═══ The records

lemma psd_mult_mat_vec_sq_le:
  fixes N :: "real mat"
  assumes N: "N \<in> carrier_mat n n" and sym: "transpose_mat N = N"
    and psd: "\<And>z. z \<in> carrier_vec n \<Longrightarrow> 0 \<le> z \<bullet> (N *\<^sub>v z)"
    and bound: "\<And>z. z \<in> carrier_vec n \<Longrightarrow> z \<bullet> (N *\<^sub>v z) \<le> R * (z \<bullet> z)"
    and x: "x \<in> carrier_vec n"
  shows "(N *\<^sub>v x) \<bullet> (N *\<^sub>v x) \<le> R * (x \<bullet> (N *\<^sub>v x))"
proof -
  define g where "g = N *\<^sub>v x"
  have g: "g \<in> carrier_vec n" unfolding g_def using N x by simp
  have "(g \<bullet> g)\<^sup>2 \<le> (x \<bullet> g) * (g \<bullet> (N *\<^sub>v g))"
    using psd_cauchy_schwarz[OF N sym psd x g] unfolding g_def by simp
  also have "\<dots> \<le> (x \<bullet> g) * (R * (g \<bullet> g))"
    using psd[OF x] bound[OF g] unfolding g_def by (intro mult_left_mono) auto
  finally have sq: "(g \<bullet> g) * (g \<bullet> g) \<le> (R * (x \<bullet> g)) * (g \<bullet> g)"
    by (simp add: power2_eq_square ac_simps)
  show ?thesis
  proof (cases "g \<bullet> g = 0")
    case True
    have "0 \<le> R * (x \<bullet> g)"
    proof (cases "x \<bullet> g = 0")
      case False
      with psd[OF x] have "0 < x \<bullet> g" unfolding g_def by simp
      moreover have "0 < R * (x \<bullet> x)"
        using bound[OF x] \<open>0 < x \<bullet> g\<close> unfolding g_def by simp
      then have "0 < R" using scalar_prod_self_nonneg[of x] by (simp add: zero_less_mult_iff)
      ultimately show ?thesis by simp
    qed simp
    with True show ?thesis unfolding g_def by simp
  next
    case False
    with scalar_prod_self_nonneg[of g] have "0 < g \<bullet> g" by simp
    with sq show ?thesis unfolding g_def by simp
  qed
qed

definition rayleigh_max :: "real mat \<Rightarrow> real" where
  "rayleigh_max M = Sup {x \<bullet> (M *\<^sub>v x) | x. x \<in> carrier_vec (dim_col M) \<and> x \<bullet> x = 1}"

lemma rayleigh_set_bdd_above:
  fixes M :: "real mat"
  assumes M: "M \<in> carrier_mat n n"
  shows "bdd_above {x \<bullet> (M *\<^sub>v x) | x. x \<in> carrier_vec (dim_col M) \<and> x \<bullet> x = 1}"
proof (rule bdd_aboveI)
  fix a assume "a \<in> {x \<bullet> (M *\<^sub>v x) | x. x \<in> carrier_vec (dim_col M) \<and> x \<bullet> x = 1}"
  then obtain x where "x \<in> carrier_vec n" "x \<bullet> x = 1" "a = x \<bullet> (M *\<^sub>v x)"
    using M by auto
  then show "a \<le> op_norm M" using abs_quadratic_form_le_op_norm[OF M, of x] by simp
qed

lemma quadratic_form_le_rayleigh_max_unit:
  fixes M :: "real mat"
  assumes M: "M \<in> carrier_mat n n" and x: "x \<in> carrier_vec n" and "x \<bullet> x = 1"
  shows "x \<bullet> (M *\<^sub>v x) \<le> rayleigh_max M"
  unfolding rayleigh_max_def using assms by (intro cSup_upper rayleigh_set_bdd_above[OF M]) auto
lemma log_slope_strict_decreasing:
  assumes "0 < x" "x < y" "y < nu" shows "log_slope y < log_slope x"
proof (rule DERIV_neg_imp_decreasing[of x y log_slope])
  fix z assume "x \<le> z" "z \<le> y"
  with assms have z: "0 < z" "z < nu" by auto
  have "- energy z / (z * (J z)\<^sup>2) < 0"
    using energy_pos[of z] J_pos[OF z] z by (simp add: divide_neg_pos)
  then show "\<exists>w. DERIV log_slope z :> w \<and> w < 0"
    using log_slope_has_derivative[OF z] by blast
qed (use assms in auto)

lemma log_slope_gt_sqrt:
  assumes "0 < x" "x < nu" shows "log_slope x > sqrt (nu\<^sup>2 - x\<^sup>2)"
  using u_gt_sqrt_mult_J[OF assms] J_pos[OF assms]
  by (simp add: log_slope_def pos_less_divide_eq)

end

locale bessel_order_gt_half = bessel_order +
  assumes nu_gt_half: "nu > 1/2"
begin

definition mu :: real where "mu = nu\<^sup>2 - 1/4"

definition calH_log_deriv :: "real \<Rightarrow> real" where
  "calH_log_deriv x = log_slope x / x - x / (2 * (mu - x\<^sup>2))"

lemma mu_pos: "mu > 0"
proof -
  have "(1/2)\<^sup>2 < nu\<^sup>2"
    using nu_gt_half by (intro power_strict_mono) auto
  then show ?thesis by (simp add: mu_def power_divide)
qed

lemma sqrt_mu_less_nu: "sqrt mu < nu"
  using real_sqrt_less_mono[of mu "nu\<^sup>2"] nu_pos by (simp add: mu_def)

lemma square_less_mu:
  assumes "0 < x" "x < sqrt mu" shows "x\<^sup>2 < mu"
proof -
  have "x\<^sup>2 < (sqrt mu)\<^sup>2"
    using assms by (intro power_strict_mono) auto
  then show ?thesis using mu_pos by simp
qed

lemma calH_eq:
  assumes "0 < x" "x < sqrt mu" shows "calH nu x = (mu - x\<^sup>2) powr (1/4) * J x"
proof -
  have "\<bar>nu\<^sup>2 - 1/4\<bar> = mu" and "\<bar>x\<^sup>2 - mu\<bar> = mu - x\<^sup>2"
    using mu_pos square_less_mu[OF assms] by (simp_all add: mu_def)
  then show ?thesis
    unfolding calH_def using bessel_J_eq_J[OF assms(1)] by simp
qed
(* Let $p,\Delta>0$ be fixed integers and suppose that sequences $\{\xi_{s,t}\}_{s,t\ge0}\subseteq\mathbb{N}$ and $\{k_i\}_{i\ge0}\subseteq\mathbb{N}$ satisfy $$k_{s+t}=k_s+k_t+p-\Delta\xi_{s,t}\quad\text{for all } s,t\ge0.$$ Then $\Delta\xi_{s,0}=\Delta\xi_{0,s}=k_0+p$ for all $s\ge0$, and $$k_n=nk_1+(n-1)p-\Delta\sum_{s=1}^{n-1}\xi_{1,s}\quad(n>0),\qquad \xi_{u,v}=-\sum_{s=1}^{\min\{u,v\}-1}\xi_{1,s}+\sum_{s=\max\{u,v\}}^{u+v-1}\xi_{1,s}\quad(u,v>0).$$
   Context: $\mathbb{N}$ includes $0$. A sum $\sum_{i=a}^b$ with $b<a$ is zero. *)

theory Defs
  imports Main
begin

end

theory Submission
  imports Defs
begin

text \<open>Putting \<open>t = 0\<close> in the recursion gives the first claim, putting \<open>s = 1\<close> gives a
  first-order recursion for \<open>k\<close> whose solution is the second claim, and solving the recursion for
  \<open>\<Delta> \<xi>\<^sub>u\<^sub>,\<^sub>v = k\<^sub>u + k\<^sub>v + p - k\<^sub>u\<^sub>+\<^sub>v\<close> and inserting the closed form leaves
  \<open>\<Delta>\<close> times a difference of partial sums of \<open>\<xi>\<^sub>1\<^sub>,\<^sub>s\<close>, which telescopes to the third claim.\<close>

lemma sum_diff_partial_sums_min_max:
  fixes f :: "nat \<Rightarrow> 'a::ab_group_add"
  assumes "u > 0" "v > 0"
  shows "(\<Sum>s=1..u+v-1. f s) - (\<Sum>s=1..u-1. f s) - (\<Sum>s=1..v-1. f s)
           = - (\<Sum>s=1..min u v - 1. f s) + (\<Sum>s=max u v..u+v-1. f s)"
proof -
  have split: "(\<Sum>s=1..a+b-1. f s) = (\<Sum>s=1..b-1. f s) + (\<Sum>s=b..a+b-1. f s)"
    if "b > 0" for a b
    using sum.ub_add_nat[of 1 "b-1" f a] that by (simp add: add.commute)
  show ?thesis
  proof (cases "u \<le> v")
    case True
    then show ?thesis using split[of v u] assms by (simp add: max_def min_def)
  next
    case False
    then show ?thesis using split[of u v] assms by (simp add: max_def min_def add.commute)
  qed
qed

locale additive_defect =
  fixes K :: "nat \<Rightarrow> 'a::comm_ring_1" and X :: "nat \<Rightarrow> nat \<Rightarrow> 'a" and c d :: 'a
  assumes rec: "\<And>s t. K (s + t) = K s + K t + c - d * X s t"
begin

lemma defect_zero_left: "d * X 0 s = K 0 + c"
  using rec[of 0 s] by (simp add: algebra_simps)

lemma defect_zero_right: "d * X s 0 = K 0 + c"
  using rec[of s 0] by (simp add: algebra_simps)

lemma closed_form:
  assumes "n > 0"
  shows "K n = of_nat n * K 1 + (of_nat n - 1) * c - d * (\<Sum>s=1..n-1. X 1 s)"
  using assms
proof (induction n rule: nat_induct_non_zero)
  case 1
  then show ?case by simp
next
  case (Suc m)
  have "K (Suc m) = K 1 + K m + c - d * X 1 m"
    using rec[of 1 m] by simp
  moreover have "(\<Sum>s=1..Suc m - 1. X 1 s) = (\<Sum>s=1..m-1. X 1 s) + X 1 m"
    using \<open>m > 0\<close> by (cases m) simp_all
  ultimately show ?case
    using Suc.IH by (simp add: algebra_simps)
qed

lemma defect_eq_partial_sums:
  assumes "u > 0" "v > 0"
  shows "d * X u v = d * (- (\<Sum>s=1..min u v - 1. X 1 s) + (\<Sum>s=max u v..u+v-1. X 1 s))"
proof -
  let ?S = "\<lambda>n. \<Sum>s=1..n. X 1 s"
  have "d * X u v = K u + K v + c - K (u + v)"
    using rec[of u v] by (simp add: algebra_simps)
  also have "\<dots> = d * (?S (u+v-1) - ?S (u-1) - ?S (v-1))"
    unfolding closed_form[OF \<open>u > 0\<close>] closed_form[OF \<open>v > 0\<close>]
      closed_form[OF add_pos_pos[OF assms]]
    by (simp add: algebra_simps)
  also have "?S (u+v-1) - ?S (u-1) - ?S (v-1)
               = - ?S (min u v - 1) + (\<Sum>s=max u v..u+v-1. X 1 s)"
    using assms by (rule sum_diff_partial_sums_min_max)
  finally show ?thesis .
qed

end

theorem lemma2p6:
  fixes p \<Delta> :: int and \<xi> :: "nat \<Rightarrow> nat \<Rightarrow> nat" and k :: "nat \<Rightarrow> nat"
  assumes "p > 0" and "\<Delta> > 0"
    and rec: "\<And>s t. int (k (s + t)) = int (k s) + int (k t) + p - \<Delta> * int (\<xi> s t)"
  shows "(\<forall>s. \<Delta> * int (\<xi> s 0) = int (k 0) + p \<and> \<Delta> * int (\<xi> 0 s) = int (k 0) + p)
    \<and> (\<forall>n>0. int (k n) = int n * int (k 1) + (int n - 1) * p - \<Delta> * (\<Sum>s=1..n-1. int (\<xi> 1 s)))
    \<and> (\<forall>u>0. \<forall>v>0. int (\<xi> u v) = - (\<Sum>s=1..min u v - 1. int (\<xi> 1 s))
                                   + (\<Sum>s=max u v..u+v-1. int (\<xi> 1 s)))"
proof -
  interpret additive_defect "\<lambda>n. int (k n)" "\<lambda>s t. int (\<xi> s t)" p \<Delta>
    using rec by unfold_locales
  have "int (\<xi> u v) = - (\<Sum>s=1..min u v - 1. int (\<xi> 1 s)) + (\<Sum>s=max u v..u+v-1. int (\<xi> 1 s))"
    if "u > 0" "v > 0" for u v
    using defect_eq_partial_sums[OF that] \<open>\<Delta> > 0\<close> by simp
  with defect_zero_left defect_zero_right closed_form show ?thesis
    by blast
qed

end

══════

From the records, copy every line that has the string "first" in it.

- Task output
text \<open>Putting \<open>t = 0\<close> in the recursion gives the first claim, putting \<open>s = 1\<close> gives a
  first-order recursion for \<open>k\<close> whose solution is the second claim, and solving the recursion for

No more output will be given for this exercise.